Establishing an 'Overhead Irrigation System' to Cool Flying-Foxes During Heatwaves - Equipment & Modular Design

Establishing an 'Overhead Irrigation System' to Cool Flying-Foxes During Heatwaves

Increasing numbers of heatwaves are predicted for the future due to the onset of climate change. As several of Australia's flying-fox species are vulnerable or endangered, it is imperative to consider long-term strategies to conserve these animals in the face of more frequent Heat Stress Events. 

This increase has placed a huge burden on the local rehabilitation wildlife groups who are left to manage the potential huge mortality and morbidity of flying-foxes affected by extreme heat in each colony. Therefore it is extremely important to develop effective means of remotely monitoring and managing flying-fox colonies during extreme weather so that unacceptable death rates of vulnerable flying-foxes do not occur (Dr Kerryn Parry-Jones, 'Remote Management of Heat Stress Events', 2020).

Approval from the Land Manager (ie. local Council, State Parks, or  Property Owner) is essential before sprinkler trials can be set up in a flying-fox colony. Once approval has been obtained and a heatwave management plan is in order, an arborist can put the sprinklers up within the canopy and above the canopy, so that the spray comes down like light rain.

If enough trees within a colony are equipped with sprinklers then it should be possible to alter the temperature of the site over the period of time that is the most dangerous for the colony. At Singleton colony, the sprinklers were managed remotely via a phone app.
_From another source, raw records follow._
lemma aut_subgroup_translate:
  assumes H: "aut_subgroup n H" "Bn n \<subseteq> H" and f: "f \<in> H"
  obtains g where "g \<in> H" "\<forall>k<n. \<forall>x. peval (g k) x = peval (f k) (\<lambda>v. x v + p v) - peval (f k) p"
    "\<And>k. Poly_Mapping.lookup (g k) 0 = 0"
proof -
  have pf: "polymap n f"
    using aut_subgroup_polymap[OF H(1) f] .
  have shifted: "\<forall>k<n. polyfun {..<n} (\<lambda>x. peval (f k) (\<lambda>v. x v + p v))"
    using polymap_vars[OF pf] by (auto intro!: polyfun_peval_subst polyfun_add polyfun_var polyfun_const)
  obtain h where h: "polymap n h" "\<forall>k<n. \<forall>x. peval (h k) x = peval (f k) (\<lambda>v. x v + p v)"
    by (rule polymap_from_polyfuns[OF shifted])
  have "h \<in> H"
    by (rule aut_subgroup_precomp_diag_affine[OF H f, of "\<lambda>_. 1" h p]) (use h in simp_all)
  have "\<forall>k<n. polyfun {..<n} (\<lambda>x. peval (f k) (\<lambda>v. x v + p v) - peval (f k) p)"
    using polyfun_add[OF shifted[rule_format] polyfun_const[of _ "- peval (f _) p"]] by simp
  then obtain g where g: "polymap n g"
    "\<forall>k<n. \<forall>x. peval (g k) x = peval (f k) (\<lambda>v. x v + p v) - peval (f k) p"
    by (rule polymap_from_polyfuns)
  have "g \<in> H"
    by (rule aut_subgroup_postcomp_diag_affine[OF H \<open>h \<in> H\<close>, of "\<lambda>_. 1" g "\<lambda>k. - peval (f k) p"])
       (use g h in simp_all)
  moreover have "Poly_Mapping.lookup (g k) 0 = 0" for k
    using g by (cases "k < n") (simp_all add: peval_at_zero[symmetric] polymap_def)
  ultimately show ?thesis
    using that g by blast
qed

lemma aut_subgroup_rescale_map:
  assumes H: "aut_subgroup n H" "Bn n \<subseteq> H" and g: "g \<in> H"
    and const: "\<And>k. Poly_Mapping.lookup (g k) 0 = 0" and s: "s \<noteq> 0"
  shows "rescale_map s g \<in> H"
proof -
  have pg: "polymap n g"
    using aut_subgroup_polymap[OF H(1) g] .
  have "\<forall>k<n. polyfun {..<n} (\<lambda>x. peval (g k) (\<lambda>v. s * x v))"
    using polymap_vars[OF pg] by (auto intro!: polyfun_peval_subst polyfun_mult polyfun_var polyfun_const)
  then obtain r where r: "polymap n r" "\<forall>k<n. \<forall>x. peval (r k) x = peval (g k) (\<lambda>v. s * x v)"
    by (rule polymap_from_polyfuns)
  have "r \<in> H"
    by (rule aut_subgroup_precomp_diag_affine[OF H g, of "\<lambda>_. s" r "\<lambda>_. 0"]) (use r s in simp_all)
  show ?thesis
    by (rule aut_subgroup_postcomp_diag_affine[OF H \<open>r \<in> H\<close>, of "\<lambda>_. 1 / s" _ "\<lambda>_. 0"])
       (use polymap_rescale_map[OF pg] r s const in \<open>simp_all add: rescale_map_def peval_rescale_eq\<close>)
qed

lemma linear_part_in_closed_subgroup:
  assumes H: "aut_subgroup n H" "Bn n \<subseteq> H" "ind_closed n H"
    and g: "g \<in> H" and const: "\<And>k. Poly_Mapping.lookup (g k) 0 = 0"
  shows "rescale_map 0 g \<in> H" "linear_aut n (rescale_map 0 g)"
proof -
  have "g \<in> Aut n"
    using g H(1) unfolding aut_subgroup_def by blast
  then show lin: "linear_aut n (rescale_map 0 g)"
    using const by (rule linear_aut_rescale_map_0)
  show "rescale_map 0 g \<in> H"
  proof (rule ind_closed_rescale_map_0[OF H(3) aut_subgroup_polymap[OF H(1) g]])
    show "rescale_map s g \<in> H" if "s \<noteq> 0" for s
      using aut_subgroup_rescale_map[OF H(1,2) g const that] .
    show "rescale_map 0 g \<in> Aut n"
      using lin unfolding linear_aut_def by (rule conjunct1)
  qed
qed

theorem proposition3p3:
  fixes n :: nat and H :: "(nat \<Rightarrow> nat cpoly) set"
  assumes "n \<ge> 2"
    and "aut_subgroup n H"
    and "ind_closed n H"
    and "Bn n \<subset> H"
  shows "\<exists>f\<in>H. linear_aut n f \<and> f \<notin> Bn n"
proof -
  have B_H: "Bn n \<subseteq> H"
    using assms(4) by blast
  obtain f where f: "f \<in> H" "f \<notin> Bn n"
    using assms(4) by blast
  then have pf: "polymap n f" and "f \<in> Aut n"
    using assms(2) aut_subgroup_polymap unfolding aut_subgroup_def by blast+
  then obtain i j where i: "i < n" and ji: "j < i" and j: "j \<in> pvars (f i)"
    using exists_lower_var_if_notin_Bn f(2) by blast
  obtain p D where "D \<noteq> 0"
    and D: "((\<lambda>t. peval (f i) (\<lambda>v. p v + t * unit_vec j v)) has_field_derivative D) (at 0)"
    using exists_nonzero_deriv_along_var[OF polymap_vars[OF pf] j] by blast
  obtain g where g: "g \<in> H"
    and translate: "\<forall>k<n. \<forall>x. peval (g k) x = peval (f k) (\<lambda>v. x v + p v) - peval (f k) p"
    and const: "\<And>k. Poly_Mapping.lookup (g k) 0 = 0"
    using aut_subgroup_translate[OF assms(2) B_H f(1), where p = p] by auto
  have "rescale_map 0 g \<notin> Bn n"
    using rescale_map_0_notin_Bn[OF const i ji] peval_rescale_0_translate[OF translate[rule_format, OF i] D]
      \<open>D \<noteq> 0\<close> by simp
  then show ?thesis
    using linear_part_in_closed_subgroup[OF assms(2) B_H assms(3) g const] by blast
qed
According to Dr Kerryn Parry-Jones, 'smart sensors' could be programmed to not only monitor the site but respond automatically by turning on the sprinklers when specific conditions are reached.

At Yarra Bend Park Flying-fox colony, Melbourne, Lawrence Pope reported that half the sprayers are 3 metres high and spray a diameter of 7 metres and are battery powered. The other half are petrol pump powered and rise above the canopy at 6 metres. All the sprinklers rotate slowly so that the roosting flying-foxes get a light cool spray every couple of minutes.

On days that the Bureau of Meteorology (BOM) predicts that a heatwave is likely in Melbourne, the sprinklers powered by the fuel generators are run from 10 am in the morning, so that the bats get the advantage of the cooling water, and are fully hydrated, enabling them to withstand the heatwave conditions. In fact, since the installation of the sprinkler/misting system, no further mass flying-fox deaths, due to heat stress, have occurred in the areas where the sprinklers operate (Lawrence Pope, President Friends of Bats & Bushcare Inc., February 2020)


(John Chambers, Engineer, 2 May 2020, Email:

i. The Spray System has been laid out as a typical irrigation system where hydraulic balance, economy and an even coverage/precipitation rate over the sprayed area is achieved. Approximately sprayed area is 2800 sqm.

ii. The whole system is portable and easily installed and dismantled by two people.

iii. The box trailer mounted diesel pump unit would also transport all the spray system materials to site.

iv. The Sprinkler Layout

The 10 Nelson R33 Brown sprays are rotating brass sprinklers. These are laid out in a triangular pattern for even precipitation. The spray radius is 14 metres.

v. Each R33 spray head will be mounted on a 6 metre vertical riser, stabilised by fixing to a fence star picket driven into the ground. The spray riser pipe can be of any length, depending on vegetation height.

vi. All on the ground pipe laterals will have screwed connections between the vertical riser pipe and the main pipeline for easy installation and dismantling.

vii. The mainline between the pump unit and the pipe lateral can be of a variable length, depending on the distance between the water source and the area to be sprayed.

viii. The Pump Unit is a diesel engine self priming fire pump unit similar to 'Yanmar Fire Captain' which retails at approximately $3,330.00.

ix. The pump unit would be fixed centrally to the floor of a standard box trailer, all pipes and fittings would be transported to the site and stored on this trailer.

x. It is thought that a large flying-fox colony would require 3 of the modular spray systems outlined in this document.